Uitspraak 200204833/1


Volledige tekst

200204833/1.
Datum uitspraak: 2 juli 2003

AFDELING
BESTUURSRECHTSPRAAK

Uitspraak op het hoger beroep van:

[appellant], wonend te [woonplaats]

tegen de uitspraak van de rechtbank te Utrecht van 17 juli 2002 in het geding tussen:

appellant

en

het college van burgemeester en wethouders van Utrecht.

1. Procesverloop

Bij besluit van 12 december 2000, medegedeeld bij brief van 15 december 2000, heeft het college van burgemeester en wethouders van Utrecht (hierna: het college) een verzoek van de Stichting Militair Erfgoed (hierna: de Stichting) om de Duitse bunker aan het Servaasbolwerk 18 te Utrecht (hierna: de bunker) aan te wijzen als beschermd gemeentelijk monument, afgewezen.

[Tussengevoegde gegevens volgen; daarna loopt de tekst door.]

text \<open>Both sides reduce to the integrals of \<open>\<partial>\<^sup>j\<^sup>p\<^sup>+\<^sup>j\<^sup>+\<^sup>j\<^sup>q u\<^sub>p * v\<^sub>q\<close>, with signs that
  differ exactly by the factor \<open>(-1)\<^sup>j\<^sup>+\<^sup>1\<close> of \<open>P\<^sub>j\<^sup>T = (-1)\<^sup>j\<^sup>+\<^sup>1 P\<^sub>j\<close>.\<close>

lemma JJop_skew_adjoint:
  fixes u v :: "real \<Rightarrow> real ^ 'l" and P :: "nat \<Rightarrow> real ^ 'n ^ 'n" and I :: "'l \<Rightarrow> 'n \<times> nat"
  assumes P: "\<forall>j\<le>m. P j = (-1) ^ (j + 1) *\<^sub>R transpose (P j)" and ab: "a \<le> b"
    and u: "\<forall>p. test_fun a b (\<lambda>z. u z $ p)" and v: "\<forall>q. test_fun a b (\<lambda>z. v z $ q)"
  shows "integral {a..b} (\<lambda>z. u z \<bullet> JJop m P I v z) = - integral {a..b} (\<lambda>z. JJop m P I u z \<bullet> v z)"
proof -
  let ?u = "\<lambda>p z. u z $ p" and ?v = "\<lambda>q z. v z $ q" and ?N = "\<lambda>p q j. snd (I p) + j + snd (I q)"
    and ?c = "\<lambda>p q j. P j $ fst (I p) $ fst (I q)"
  have swap: "integral {a..b} (\<lambda>z. (deriv ^^ ?N q p j) (?v q) z * ?u p z) =
      (-1) ^ ?N p q j * integral {a..b} (\<lambda>z. (deriv ^^ ?N p q j) (?u p) z * ?v q z)" for p q j
    using integral_mult_higher_deriv_test_fun[OF open_UNIV _ ab test_fun_smooth_on[OF u[rule_format, of p]]
        v[rule_format, of q], where j = "?N p q j"]
    by (simp add: mult.commute add_ac)
  have sign: "?c q p j * (-1) ^ (snd (I q) + j) * ((-1) ^ ?N p q j * K) =
      - (?c p q j * (-1) ^ (snd (I p) + j) * K)"
    if "j \<le> m" for p q j K
  proof -
    have "?c q p j = ((-1) ^ (j + 1) *\<^sub>R transpose (P j)) $ fst (I q) $ fst (I p)"
      using P that by metis
    then show ?thesis by (simp add: transpose_def power_add)
  qed
  have "integral {a..b} (\<lambda>z. JJop m P I u z \<bullet> v z) = integral {a..b} (\<lambda>z. v z \<bullet> JJop m P I u z)"
    by (simp add: inner_commute)
  also have "\<dots> = (\<Sum>q\<in>UNIV. \<Sum>p\<in>UNIV. \<Sum>j\<le>m. ?c q p j * (-1) ^ (snd (I q) + j) *
      integral {a..b} (\<lambda>z. (deriv ^^ ?N q p j) (?v q) z * ?u p z))"
    using integral_inner_JJop[OF ab v[rule_format] u[rule_format]] .
  also have "\<dots> = - (\<Sum>p\<in>UNIV. \<Sum>q\<in>UNIV. \<Sum>j\<le>m. ?c p q j * (-1) ^ (snd (I p) + j) *
      integral {a..b} (\<lambda>z. (deriv ^^ ?N p q j) (?u p) z * ?v q z))"
    unfolding sum_negf[symmetric] by (subst sum.swap) (intro sum.cong refl, simp add: swap sign)
  finally show ?thesis
    using integral_inner_JJop[OF ab u[rule_format] v[rule_format]] by simp
qed

lemma Jop_component_xbar_adj:
  assumes S: "open S" and e: "\<And>w. w \<in> S \<Longrightarrow> e w = xbar_adj I g w"
    and g: "\<And>q. smooth_on S (\<lambda>u. g u $ q)" and w: "w \<in> S"
  shows "Jop m P e w $ i = (\<Sum>q\<in>UNIV. \<Sum>j\<le>m. P j $ i $ fst (I q) *
           Dz j (\<lambda>w'. (-1) ^ snd (I q) * Dz (snd (I q)) (\<lambda>u. g u $ q) w') w)"
proof -
  define X where "X j q = (-1) ^ snd (I q) * (deriv ^^ j) ((deriv ^^ snd (I q)) (\<lambda>u. g u $ q)) w" for j q
  have g': "smooth_on S ((deriv ^^ k) (\<lambda>u. g u $ q))" for k q
    by (rule smooth_on_higher_deriv[OF g])
  have "(deriv ^^ j) (\<lambda>w. e w $ k) w =
      (deriv ^^ j) (\<lambda>w. \<Sum>q | fst (I q) = k. (-1) ^ snd (I q) * (deriv ^^ snd (I q)) (\<lambda>u. g u $ q) w) w"
    for j k
    by (rule higher_deriv_cong_open[OF S _ w]) (simp add: e xbar_adj_def Dz_def)
  also have "\<dots> j k = (\<Sum>q | fst (I q) = k. X j q)" for j k
    using g' by (simp add: X_def higher_deriv_sum[OF _ S _ w] higher_deriv_cmult[OF S _ w]
        smooth_on_cmult[OF S])
  finally have "Jop m P e w $ i = (\<Sum>j\<le>m. \<Sum>k\<in>UNIV. P j $ i $ k * (\<Sum>q | fst (I q) = k. X j q))"
    by (simp add: Jop_def Dz_def matrix_vector_mult_def)
  also have "\<dots> = (\<Sum>q\<in>UNIV. \<Sum>j\<le>m. P j $ i $ fst (I q) * X j q)"
    by (simp add: sum_mult_sum_fiber sum.swap[of _ "{..m}"])
  finally show ?thesis
    using g' by (simp add: X_def Dz_def higher_deriv_cmult[OF S _ w])
qed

Bij besluit van 19 april 2001 heeft het college het daartegen door de Stichting gemaakte bezwaar gegrond verklaard en de bunker alsnog als beschermd gemeentelijk monument aangewezen.

Bij uitspraak van 17 juli 2002, verzonden op 24 juli 2002, heeft de rechtbank te Utrecht (hierna: de rechtbank) het daartegen door appellant ingestelde beroep niet-ontvankelijk verklaard. Deze uitspraak is aangehecht.

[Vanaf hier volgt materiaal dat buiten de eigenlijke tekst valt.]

(* Let $f_1,\dots,f_n\colon\mathbb{R}\to\mathbb{R}$ be differentiable and Lipschitz continuous, each having only finitely many zeros, with $f_i'(q)\neq 0$ at every zero $q$ of $f_i$. Let $\mathcal{Z}=\bigcap_{i\in[n]}\{z: f_i(z)<0\}$ and let $z^{\mathrm{obs}}\in\mathcal{Z}$. Fix $\varepsilon_{\max}>0$. For $\varepsilon_{\min}\in(0,\varepsilon_{\max}]$ and $S>0$, let $p_{\mathrm{grid}}=p_{\mathrm{grid}}(\varepsilon_{\min},S)$ be the output of the adaptive grid procedure described in the context, using the grid width $d(\cdot)$ defined there. Then there exist constants $C>0$, $\varepsilon_0>0$, $S_0>0$ (independent of $\varepsilon_{\min}$ and $S$) such that for all $\varepsilon_{\min}\in(0,\varepsilon_0)$ and all $S>S_0$, $$|p_{\mathrm{selective}}-p_{\mathrm{grid}}|\le C\bigl(\varepsilon_{\min}+\exp(-S^2/2)\bigr),$$ i.e. $|p_{\mathrm{selective}}-p_{\mathrm{grid}}|=O(\varepsilon_{\min}+\exp(-S^2/2))$ as $\varepsilon_{\min}\to0$, $S\to\infty$.
   Context: Let $W\sim\mathcal{N}(0,1)$. The selective $p$-value is $p_{\mathrm{selective}}=\mathbb{P}(|W|>|z^{\mathrm{obs}}|\mid W\in\mathcal{Z})$. For each $z\in\mathbb{R}$ and $i\in[n]$, let $L_i(z)>0$ denote a Lipschitz constant of $f_i$ on $[z-\varepsilon_{\max},z+\varepsilon_{\max}]$, and define the grid width $d(z)=\min_{i:\,f_i(z)<0}|f_i(z)|/L_i(z)$ if $z\in\mathcal{Z}$, and $d(z)=\max_{i:\,f_i(z)\ge0}|f_i(z)|/L_i(z)$ if $z\notin\mathcal{Z}$. Adaptive grid procedure: set $z_0=-S$ and, while $z_j<S$, set $z_{j+1}=z_j+\min(\varepsilon_{\max},\max(d(z_j),\varepsilon_{\min}))$. Let $d^{\mathrm{obs}}=\min(\varepsilon_{\max},d(z^{\mathrm{obs}}))$, $J(z^{\mathrm{obs}})=[z^{\mathrm{obs}}-d^{\mathrm{obs}},z^{\mathrm{obs}}+d^{\mathrm{obs}}]$, $\mathcal{Z}^{\mathrm{grid}}=\bigcup_{j:\,z_j\in\mathcal{Z}}[z_j,z_{j+1}]\cup J(z^{\mathrm{obs}})$ (union over the generated grid points), and output $p_{\mathrm{grid}}=\mathbb{P}(|W|>|z^{\mathrm{obs}}|\mid W\in\mathcal{Z}^{\mathrm{grid}})$. *)

theory Defs
  imports "HOL-Analysis.Analysis" "HOL-Probability.Probability"
begin

definition gauss :: "real measure" where
  "gauss = density lborel std_normal_density"

definition cond_prob :: "real \<Rightarrow> real set \<Rightarrow> real" where
  "cond_prob t A = measure gauss ({w. \<bar>w\<bar> > t} \<inter> A) / measure gauss A"

definition feas :: "(nat \<Rightarrow> real \<Rightarrow> real) \<Rightarrow> nat \<Rightarrow> real set" where
  "feas f n = {z. \<forall>i<n. f i z < 0}"

definition gridw :: "(nat \<Rightarrow> real \<Rightarrow> real) \<Rightarrow> nat \<Rightarrow> (nat \<Rightarrow> real \<Rightarrow> real) \<Rightarrow> real \<Rightarrow> real" where
  "gridw f n L z =
     (if z \<in> feas f n then Min {\<bar>f i z\<bar> / L i z | i. i < n \<and> f i z < 0}
      else Max {\<bar>f i z\<bar> / L i z | i. i < n \<and> f i z \<ge> 0})"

Tegen deze uitspraak heeft appellant bij brief, bij de Raad van State ingekomen op 4 september 2002, hoger beroep ingesteld. Deze brief is aangehecht.

Bij brief van 7 oktober 2002 heeft het college van antwoord gediend.

De Afdeling heeft de zaak ter zitting aan de orde gesteld op 12 juni 2003. Partijen zijn niet verschenen. Appellant heeft de Afdeling van zijn afwezigheid ter zitting op de hoogte gesteld.

2. Overwegingen

2.1. De Afdeling komt in navolging van de rechtbank en, te meer nu appellant in hoger beroep terzake geen gronden heeft aangevoerd, met overneming van haar overwegingen dienaangaande niet tot een ander oordeel dan dat het belang van appellant niet rechtstreeks betrokken is bij het bestreden besluit tot aanwijzing als beschermd gemeentelijk monument van de bunker nu hij terzake geen zakelijk gerechtigde is, doch slechts in een contractuele relatie staat tot de eigenaar ervan. De rechtbank heeft dan ook terecht en op goede gronden appellant niet als belanghebbende, als bedoeld in artikel 1:2, eerste lid, van de Algemene wet bestuursrecht, aangemerkt.

2.2. Het hoger beroep is ongegrond. De aangevallen uitspraak dient te worden bevestigd.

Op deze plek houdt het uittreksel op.